An open API service indexing awesome lists of open source software.

https://github.com/exbotanical/surveil

A fault-tolerant task-runner for continuous integration
https://github.com/exbotanical/surveil

automated-testing continuous-integration fault-tolerance socket-io task-runner

Last synced: 2 months ago
JSON representation

A fault-tolerant task-runner for continuous integration

Awesome Lists containing this project

README

          

# Surveil: A multi-threaded, fault-tolerant task-runner for continuous integration

## Usage

Launch the observatory: `python3 -m surveil --dispatch=hostname:port /abs/path/to/git/repo`

On another machine (or in another shell), launch the dispatch service: `python3 -m surveil dispatcher --host=hostname --port=portnum`

Finally, initialize the Threading service: `python3 -m surveil runner --host=hostname --port=portnum --dispatch=hostname:port /abs/path/to/git/repo`

## Architecture

Surveil observes a target git repository for commit SHA changes. When the main branch's HEAD changes, a message is broadcast to all deployments (task-runners), which then execute a series of pre-defined tasks. The runners then report the results of these tasks back to the dispatcher.

![Architecture Control Flow](https://github.com/MatthewZito/surveil/blob/master/docs/surveil.png)

### Observer

The observer component polls the target repository, notifying a dispatch service of new commit SHAs.

### Dispatch Srv

The dispatch service delegates tasks. It listens for requests for task-runners from the observer. This service is also responsible for monitoring the health of all threads - if a task-runner process dies, or prematurely exits, the remaining task pool is redistributed to the available threads.

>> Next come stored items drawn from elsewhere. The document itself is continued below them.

(* Let $n \ge 1$ and $1 \le k \le n$ be integers, and let $D_n^{2\times k}$ be the graph obtained from two disjoint copies $K_{n,1}$ and $K_{n,2}$ of the complete graph $K_n$ by adding $k$ distinct edges $e_1,\dots,e_k$, each of the form $e_i=(v_{i,1},v_{i,2})$ with $v_{i,1}$ a vertex of $K_{n,1}$ and $v_{i,2}$ a vertex of $K_{n,2}$. Then $D_n^{2\times k}$ has $2n$ vertices and $$\frac{2}{3(2n-1)} \le \lambda_2(D_n^{2\times k}) \le \frac{2k}{n}.$$
   Context: All graphs are finite, simple and unweighted. For a graph $G$ with adjacency matrix $A$ and diagonal degree matrix $D$, the graph Laplacian is $L_G = D - A$, with eigenvalues ordered $0=\lambda_1 \le \lambda_2 \le \dots$; $\lambda_2(G)$ denotes the second smallest eigenvalue of $L_G$. *)

theory Defs
  imports "Jordan_Normal_Form.Char_Poly" "HOL-Library.Multiset"
begin

text \<open>Simple graphs on the vertex set {0..<N}, given by a symmetric irreflexive
  adjacency relation. The Laplacian L = D - A as an N x N real matrix.\<close>

definition laplacian :: "nat \<Rightarrow> (nat \<Rightarrow> nat \<Rightarrow> bool) \<Rightarrow> real mat" where
  "laplacian N E = mat N N (\<lambda>(i,j).
     if i = j then real (card {v \<in> {0..<N}. E i v})
     else (if E i j then -1 else 0))"

text \<open>Eigenvalues of a real matrix counted with algebraic multiplicity (real roots of the
  characteristic polynomial), sorted increasingly; for a symmetric matrix all roots are real.\<close>
definition sorted_eigenvalues :: "real mat \<Rightarrow> real list" where
  "sorted_eigenvalues M = sorted_list_of_multiset (proots (char_poly M))"

definition lambda2 :: "nat \<Rightarrow> (nat \<Rightarrow> nat \<Rightarrow> bool) \<Rightarrow> real" where
  "lambda2 N E = sorted_eigenvalues (laplacian N E) ! 1"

If no threads are available, the dispatch service will spawn them.

### Task-runners & Jobs

The redistribution and task-runner monitor each run on their own dedicated threads, for which the dispatcher provides failover redundancy.

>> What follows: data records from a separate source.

(* Let $\mathcal L_{\mathcal N}=(\mathcal L,[\cdot_\lambda\cdot]_{\mathcal L},\mathcal N)$ and $\mathcal H_{\mathcal Q}=(\mathcal H,[\cdot_\lambda\cdot]_{\mathcal H},\mathcal Q)$ be Nijenhuis Lie conformal algebras, let $0\to\mathcal H_{\mathcal Q}\xrightarrow{inc}\mathcal E_{\mathcal R}\xrightarrow{proj}\mathcal L_{\mathcal N}\to0$ be a non-abelian extension with section $s$, and let $(\chi_\lambda,\rho,\Phi)$ be the non-abelian $2$-cocycle induced by $s$. A pair $(\alpha,\beta)\in\mathrm{Aut}(\mathcal H_{\mathcal Q})\times\mathrm{Aut}(\mathcal L_{\mathcal N})$ is inducible if and only if the non-abelian $2$-cocycles $(\chi_\lambda,\rho,\Phi)$ and $(\chi^{(\alpha,\beta)}_\lambda,\rho^{(\alpha,\beta)},\Phi^{(\alpha,\beta)})$ are equivalent; in other words, if and only if the Wells map vanishes at $(\alpha,\beta)$.
   Context: All spaces over $\mathbb C$. A Lie conformal algebra is a $\mathbb C[\partial]$-module with a $\mathbb C$-bilinear $\lambda$-bracket satisfying $[\partial a_\lambda b]=-\lambda[a_\lambda b]$, $[a_\lambda\partial b]=(\partial+\lambda)[a_\lambda b]$, $[a_\lambda b]=-[b_{-\partial-\lambda}a]$, $[a_\lambda[b_\mu c]]=[[a_\lambda b]_{\lambda+\mu}c]+[b_\mu[a_\lambda c]]$. A Nijenhuis operator is a $\mathbb C[\partial]$-linear $\mathcal N$ with $[\mathcal N(p)_\lambda\mathcal N(q)]=\mathcal N([\mathcal N(p)_\lambda q]+[p_\lambda\mathcal N(q)]-\mathcal N([p_\lambda q]))$; a Nijenhuis Lie conformal algebra is a Lie conformal algebra with a Nijenhuis operator; morphisms are bracket-preserving $\mathbb C[\partial]$-linear maps intertwining the operators; $\mathrm{Aut}$ denotes bijective self-morphisms. A non-abelian extension: a Nijenhuis Lie conformal algebra $\mathcal E_{\mathcal R}=(\mathcal E,[\cdot_\lambda\cdot]_{\mathcal E},\mathcal R)$ with a short exact sequence of morphisms as displayed, split as $\mathbb C[\partial]$-modules; $\mathcal H\subset\mathcal E$, $\mathcal R|_{\mathcal H}=\mathcal Q$. A section is a $\mathbb C[\partial]$-linear $s$ with $proj\circ s=\mathrm{id}$; it induces $\chi_\lambda(p,q)=[s(p)_\lambda s(q)]_{\mathcal E}-s([p_\lambda q]_{\mathcal L})$, $\rho(p)_\lambda h=[s(p)_\lambda h]_{\mathcal E}$, $\Phi(p)=\mathcal R(s(p))-s(\mathcal N(p))$. A non-abelian $2$-cocycle is a triple $(\chi_\lambda:\mathcal L\otimes\mathcal L\to\mathcal H[\lambda],\ \rho:\mathcal L\otimes\mathcal H\to\mathcal H[\lambda],\ \Phi:\mathcal L\to\mathcal H)$ satisfying, for $p,q,r\in\mathcal L$, $h\in\mathcal H$: (i) $\rho(p)_\lambda\rho(q)_\mu h-\rho(q)_\mu\rho(p)_\lambda h-\rho([p_\lambda q]_{\mathcal L})_{\lambda+\mu}h=[\chi_\lambda(p,q)_{\lambda+\mu}h]_{\mathcal H}$; (ii) $\rho(p)_\lambda\chi_\mu(q,r)+\rho(q)_\mu\chi_\lambda(r,p)+\rho(r)_{-\partial-\lambda-\mu}\chi_\lambda(p,q)-\chi_{\lambda+\mu}([q_\mu r]_{\mathcal L},p)-\chi_{\lambda+\mu}([r_{-\partial-\lambda}p]_{\mathcal L},q)-\chi_{\lambda+\mu}([p_\lambda q]_{\mathcal L},r)=0$; (iii) $\rho(\mathcal Np)_\lambda\mathcal Q(h)=\mathcal Q(\rho(\mathcal Np)_\lambda h+\rho(p)_\lambda\mathcal Q(h)-\mathcal Q(\rho(p)_\lambda h))+\mathcal Q([\Phi(p)_\lambda h]_{\mathcal H})-[\Phi(p)_\lambda\mathcal Q(h)]_{\mathcal H}$; (iv) $\chi_\lambda(\mathcal Np,\mathcal Nq)-\mathcal Q(\chi_\lambda(\mathcal Np,q)+\chi_\lambda(p,\mathcal Nq)-\mathcal Q\chi_\lambda(p,q))-\Phi([\mathcal N(p)_\lambda q]_{\mathcal L}+[p_\lambda\mathcal N(q)]_{\mathcal L}-\mathcal N[p_\lambda q]_{\mathcal L})+\rho(\mathcal Np)_\lambda\Phi(q)-\rho(\mathcal Nq)_{-\partial-\lambda}\Phi(p)+\mathcal Q(\rho(q)_{-\partial-\lambda}\Phi(p)-\rho(p)_\lambda\Phi(q)+\Phi([p_\lambda q]_{\mathcal L}))+[\Phi(p)_\lambda\Phi(q)]_{\mathcal H}=0$. Two such triples $(\chi,\rho,\Phi),(\chi',\rho',\Phi')$ are equivalent if there is a linear $\tau:\mathcal L\to\mathcal H$ with $\rho(p)_\lambda h-\rho'(p)_\lambda h=[\tau(p)_\lambda h]_{\mathcal H}$, $\chi_\lambda(p,q)-\chi'_\lambda(p,q)=[\tau(p)_\lambda\tau(q)]_{\mathcal H}-\tau([p_\lambda q]_{\mathcal L})+\rho'(p)_\lambda\tau(q)-\rho'(q)_{-\partial-\lambda}\tau(p)$, $\Phi(p)-\Phi'(p)=\mathcal Q\tau(p)-\tau\mathcal N(p)$; $H^2_{nab}(\mathcal L_{\mathcal N},\mathcal H_{\mathcal Q})$ is the set of equivalence classes. The twisted triple is $\chi^{(\alpha,\beta)}_\lambda(p,q)=\alpha\chi_\lambda(\beta^{-1}p,\beta^{-1}q)$, $\rho^{(\alpha,\beta)}(p)_\lambda h=\alpha(\rho(\beta^{-1}p)_\lambda\alpha^{-1}h)$, $\Phi^{(\alpha,\beta)}(p)=\alpha\Phi(\beta^{-1}p)$. The Wells map $\mathfrak W:\mathrm{Aut}(\mathcal H_{\mathcal Q})\times\mathrm{Aut}(\mathcal L_{\mathcal N})\to H^2_{nab}(\mathcal L_{\mathcal N},\mathcal H_{\mathcal Q})$ is $\mathfrak W(\alpha,\beta)=[(\chi^{(\alpha,\beta)}_\lambda,\rho^{(\alpha,\beta)},\Phi^{(\alpha,\beta)})-(\chi_\lambda,\rho,\Phi)]$; "$\mathfrak W$ vanishes at $(\alpha,\beta)$" means this class is trivial. Let $\mathrm{Aut}_{\mathcal H}(\mathcal E_{\mathcal R})=\{\gamma\in\mathrm{Aut}(\mathcal E_{\mathcal R}):\gamma(\mathcal H)=\mathcal H\}$ and $\Pi(\gamma)=(\gamma|_{\mathcal H},proj\circ\gamma\circ s)$; $(\alpha,\beta)$ is inducible if it lies in the image of $\Pi$. *)

theory Defs
  imports Complex_Main
begin

text \<open>A Nijenhuis Lie conformal algebra on an additive group type 'a:
  complex scalar multiplication, the operator partial, the lambda-bracket
  (given by its coefficients: lb a b n is the coefficient of lambda^n in [a_lambda b]),
  and the Nijenhuis operator.\<close>

record 'a ncla =
  sc  :: "complex \<Rightarrow> 'a \<Rightarrow> 'a"
  dd  :: "'a \<Rightarrow> 'a"
  lb  :: "'a \<Rightarrow> 'a \<Rightarrow> nat \<Rightarrow> 'a"
  nop :: "'a \<Rightarrow> 'a"

definition cdmodule :: "'a::ab_group_add ncla \<Rightarrow> bool" where
  "cdmodule A \<longleftrightarrow> module (sc A)
     \<and> (\<forall>x y. dd A (x + y) = dd A x + dd A y)
     \<and> (\<forall>c x. dd A (sc A c x) = sc A c (dd A x))"

definition cdlin :: "'a::ab_group_add ncla \<Rightarrow> 'b::ab_group_add ncla \<Rightarrow> ('a \<Rightarrow> 'b) \<Rightarrow> bool" where
  "cdlin A B f \<longleftrightarrow> (\<forall>x y. f (x + y) = f x + f y)
     \<and> (\<forall>c x. f (sc A c x) = sc B c (f x))
     \<and> (\<forall>x. f (dd A x) = dd B (f x))"

text \<open>Given a polynomial in mu (coefficient function f, finitely supported), the
  coefficient of lambda^k of the polynomial obtained by substituting mu := -partial-lambda,
  using (-partial-lambda)^m = (-1)^m sum_k (m choose k) lambda^k partial^(m-k).\<close>
definition subst_mdl :: "'a::ab_group_add ncla \<Rightarrow> (nat \<Rightarrow> 'a) \<Rightarrow> nat \<Rightarrow> 'a" where
  "subst_mdl A f k =
     (\<Sum>m\<in>{m. f m \<noteq> 0}. sc A ((-1) ^ m * of_nat (m choose k)) ((dd A ^^ (m - k)) (f m)))"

The task-runner monitor pings each registered task runner to ensure liveness. If a runner has become unresponsive - and what constitutes as 'responsive' here is a configurable timeout period - the runner is removed from the pool and its task ID is reassigned to the next available thread.

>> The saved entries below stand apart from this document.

lemma ground_subst: "(\<And>x. ground (\<sigma> x)) \<Longrightarrow> ground (subst \<sigma> t)"
  by (induction t) (auto simp: ground_def)

lemma wfb_subst: "wfb ar t \<Longrightarrow> (\<And>x. wfb ar (\<sigma> x)) \<Longrightarrow> wfb ar (subst \<sigma> t)"
  by (induction t) auto

lemma wfb_subst_imp_wfb: "wfb ar (subst \<sigma> t) \<Longrightarrow> wfb ar t"
  by (induction t) auto

lemma finite_tvars [simp]: "finite (tvars t)"
  by (induction t) auto

fun tsize :: "'c btype \<Rightarrow> nat" where
  "tsize (TV v) = 1"
| "tsize (TC c bs) = 1 + sum_list (map tsize bs)"

lemma tsize_var_le_subst: "v \<in> tvars t \<Longrightarrow> tsize (\<theta> v) \<le> tsize (subst \<theta> t)"
proof (induction t)
  case (TC c bs)
  then obtain b where b: "b \<in> set bs" "v \<in> tvars b" by auto
  then have "tsize (\<theta> v) \<le> tsize (subst \<theta> b)" using TC by auto
  also have "\<dots> \<le> sum_list (map tsize (map (subst \<theta>) bs))"
    using b(1) by (intro member_le_sum_list) auto
  finally show ?case by simp
qed simp

lemma tsize_var_less_subst:
  assumes "v \<in> tvars t" "t \<noteq> TV v"
  shows "tsize (\<theta> v) < tsize (subst \<theta> t)"
proof -
  obtain c bs where t: "t = TC c bs" using assms by (cases t) auto
  with assms(1) obtain b where b: "b \<in> set bs" "v \<in> tvars b" by auto
  have "tsize (\<theta> v) \<le> tsize (subst \<theta> b)" by (rule tsize_var_le_subst[OF b(2)])
  also have "\<dots> \<le> sum_list (map tsize (map (subst \<theta>) bs))"
    using b(1) by (intro member_le_sum_list) auto
  finally show ?thesis using t by simp
qed

corollary occurs_check: "\<theta> v = subst \<theta> t \<Longrightarrow> t \<noteq> TV v \<Longrightarrow> v \<notin> tvars t"
  by (metis less_irrefl tsize_var_less_subst)

definition unifies :: "'c subst \<Rightarrow> ('c btype \<times> 'c btype) list \<Rightarrow> bool" where
  "unifies \<sigma> E \<longleftrightarrow> (\<forall>(s, t)\<in>set E. subst \<sigma> s = subst \<sigma> t)"

lemma unifies_Nil [simp]: "unifies \<sigma> []"
  and unifies_Cons [simp]: "unifies \<sigma> ((s, t) # E) \<longleftrightarrow> subst \<sigma> s = subst \<sigma> t \<and> unifies \<sigma> E"
  and unifies_append [simp]: "unifies \<sigma> (E @ F) \<longleftrightarrow> unifies \<sigma> E \<and> unifies \<sigma> F"
  by (auto simp: unifies_def)

lemma unifies_map_subst:
  "unifies \<theta> (map (map_prod (subst \<rho>) (subst \<rho>)) E) \<longleftrightarrow> unifies (\<lambda>x. subst \<theta> (\<rho> x)) E"
  by (induction E) (auto simp: subst_subst)

lemma unifies_zip:
  "length ss = length ts \<Longrightarrow> unifies \<theta> (zip ss ts) \<longleftrightarrow> map (subst \<theta>) ss = map (subst \<theta>) ts"
  by (induction ss ts rule: list_induct2) auto

text \<open>Unlike the usual notion, every unifier \<open>\<theta>\<close> is required to factor through \<open>\<sigma>\<close> as
  \<open>\<theta> = \<theta> \<circ> \<sigma>\<close>, with \<open>\<theta>\<close> itself as the witness; this is what lets well-formedness of
  \<open>\<theta>\<close> pass to \<open>\<sigma>\<close>.\<close>
definition idem_mgu :: "'c subst \<Rightarrow> ('c btype \<times> 'c btype) list \<Rightarrow> bool" where
  "idem_mgu \<sigma> E \<longleftrightarrow> unifies \<sigma> E \<and> (\<forall>\<theta>. unifies \<theta> E \<longrightarrow> (\<forall>v. \<theta> v = subst \<theta> (\<sigma> v)))"

lemma idem_mgu_Nil: "idem_mgu TV []"
  by (simp add: idem_mgu_def)

lemma idem_mgu_Cons_trivial: "idem_mgu \<sigma> E \<Longrightarrow> idem_mgu \<sigma> ((t, t) # E)"
  by (simp add: idem_mgu_def)

lemma idem_mgu_Cons_swap: "idem_mgu \<sigma> ((t, s) # E) \<Longrightarrow> idem_mgu \<sigma> ((s, t) # E)"
  by (auto simp: idem_mgu_def)

lemma idem_mgu_Cons_TC:
  "length ss = length ts \<Longrightarrow> idem_mgu \<sigma> (zip ss ts @ E) \<Longrightarrow> idem_mgu \<sigma> ((TC c ss, TC c ts) # E)"
  by (simp add: idem_mgu_def unifies_zip)

lemma idem_mgu_Cons_TV:
  assumes "v \<notin> tvars u"
    and "idem_mgu \<sigma> (map (map_prod (subst (TV(v := u))) (subst (TV(v := u)))) E)"
  shows "idem_mgu (\<lambda>x. subst \<sigma> ((TV(v := u)) x)) ((TV v, u) # E)"
proof -
  let ?\<rho> = "TV(v := u)"
  let ?E = "map (map_prod (subst ?\<rho>) (subst ?\<rho>)) E"
  have "subst \<sigma> (subst ?\<rho> u) = subst \<sigma> u"
    using assms(1) by (intro arg_cong[where f = "subst \<sigma>"] subst_cong[where \<tau> = TV, simplified]) auto
  then have "unifies (\<lambda>x. subst \<sigma> (?\<rho> x)) ((TV v, u) # E)"
    using assms(2) by (simp add: idem_mgu_def unifies_map_subst subst_subst)
  moreover have "\<theta> x = subst \<theta> (subst \<sigma> (?\<rho> x))"
    if "unifies \<theta> ((TV v, u) # E)" for \<theta> x
  proof -
    have "(\<lambda>x. subst \<theta> (?\<rho> x)) = \<theta>" using that by auto
    then have "unifies \<theta> ?E" "\<theta> = (\<lambda>y. subst \<theta> (\<sigma> y))"
      using that assms(2) by (auto simp: unifies_map_subst idem_mgu_def)
    then have "subst \<theta> (?\<rho> x) = subst \<theta> (subst \<sigma> (?\<rho> x))"
      by (metis subst_subst)
    with \<open>(\<lambda>x. subst \<theta> (?\<rho> x)) = \<theta>\<close> show ?thesis by metis
  qed
  ultimately show ?thesis by (simp add: idem_mgu_def)
qed

definition eqs_vars :: "('c btype \<times> 'c btype) list \<Rightarrow> tvar set" where
  "eqs_vars E = (\<Union>(s, t)\<in>set E. tvars s \<union> tvars t)"

definition eqs_size :: "('c btype \<times> 'c btype) list \<Rightarrow> nat" where
  "eqs_size E = sum_list (map (\<lambda>(s, t). tsize s + tsize t) E)"

lemma finite_eqs_vars [simp]: "finite (eqs_vars E)"
  by (auto simp: eqs_vars_def)

lemma eqs_vars_Cons [simp]: "eqs_vars ((s, t) # E) = tvars s \<union> tvars t \<union> eqs_vars E"
  and eqs_size_Cons [simp]: "eqs_size ((s, t) # E) = tsize s + tsize t + eqs_size E"
  by (auto simp: eqs_vars_def eqs_size_def)

lemma eqs_vars_zip_append: "length ss = length ts \<Longrightarrow>
    eqs_vars (zip ss ts @ E) = (\<Union>b\<in>set ss. tvars b) \<union> (\<Union>b\<in>set ts. tvars b) \<union> eqs_vars E"
  and eqs_size_zip_append: "length ss = length ts \<Longrightarrow>
    eqs_size (zip ss ts @ E) = sum_list (map tsize ss) + sum_list (map tsize ts) + eqs_size E"
  by (induction ss ts rule: list_induct2) (auto simp: eqs_vars_def eqs_size_def)

lemma eqs_vars_eliminate:
  assumes "v \<notin> tvars u"
  shows "eqs_vars (map (map_prod (subst (TV(v := u))) (subst (TV(v := u)))) E)
           \<subseteq> eqs_vars ((TV v, u) # E) - {v}"
proof -
  have "tvars (subst (TV(v := u)) t) \<subseteq> tvars t - {v} \<union> tvars u" for t
    by (induction t) auto
  with assms show ?thesis by (fastforce simp: eqs_vars_def)
qed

The redistributor thread polls the tasks pool for new commit SHAs and assigns new work as needed.

## Threaded Socket Server

Python's SocketServer TCPServer out-of-the-box can only handle a single request at any given time. If the dispatch service needs to talk to more than one task-runner, for example, using this default would mean synchronous, blocking I/O.

In its stead, Surveil uses a modified socket server that handles threading; a new process is spawned for each inbound connection.